▶ What this task involves
Search the data for the string "using" and copy each line in which it appears.

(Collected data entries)
'''

lemma GL2_iff: "(M::'a::ring_1 mat2) \<in> GL2 \<longleftrightarrow> (\<exists>N. mmul2 M N = id2 \<and> mmul2 N M = id2)"
  by (simp add: invertible_over_def entries_in_def)

definition minv :: "'a::ring_1 mat2 \<Rightarrow> 'a mat2" where
  "minv M = (SOME N. mmul2 M N = id2 \<and> mmul2 N M = id2)"

lemma
  assumes "M \<in> GL2"
  shows mmul2_minv_right: "mmul2 M (minv M) = id2"
    and mmul2_minv_left: "mmul2 (minv M) M = id2"
    and minv_GL2: "minv M \<in> GL2"
proof -
  have "mmul2 M (minv M) = id2 \<and> mmul2 (minv M) M = id2"
    unfolding minv_def by (rule someI_ex) (use assms GL2_iff in blast)
  then show "mmul2 M (minv M) = id2" "mmul2 (minv M) M = id2" "minv M \<in> GL2"
    using GL2_iff by blast+
qed

lemma id2_GL2: "(id2::'a::ring_1 mat2) \<in> GL2"
  using GL2_iff by fastforce

lemma mmul2_GL2:
  assumes "M \<in> GL2" "N \<in> GL2"
  shows "mmul2 M N \<in> (GL2::'a::ring_1 mat2 set)"
proof -
  let ?I = "mmul2 (minv N) (minv M)"
  have "mmul2 (mmul2 M N) ?I = mmul2 M (mmul2 (mmul2 N (minv N)) (minv M))"
    by (simp only: mmul2_assoc)
  also have "\<dots> = id2"
    by (simp add: mmul2_minv_right[OF assms(1)] mmul2_minv_right[OF assms(2)])
  finally have "mmul2 (mmul2 M N) ?I = id2" .
  moreover have "mmul2 ?I (mmul2 M N) = mmul2 (minv N) (mmul2 (mmul2 (minv M) M) N)"
    by (simp only: mmul2_assoc)
  then have "mmul2 ?I (mmul2 M N) = id2"
    by (simp add: mmul2_minv_left[OF assms(1)] mmul2_minv_left[OF assms(2)])
  ultimately show ?thesis
    unfolding GL2_iff by blast
qed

'''

▶ Response
    using GL2_iff by blast+
  using GL2_iff by fastforce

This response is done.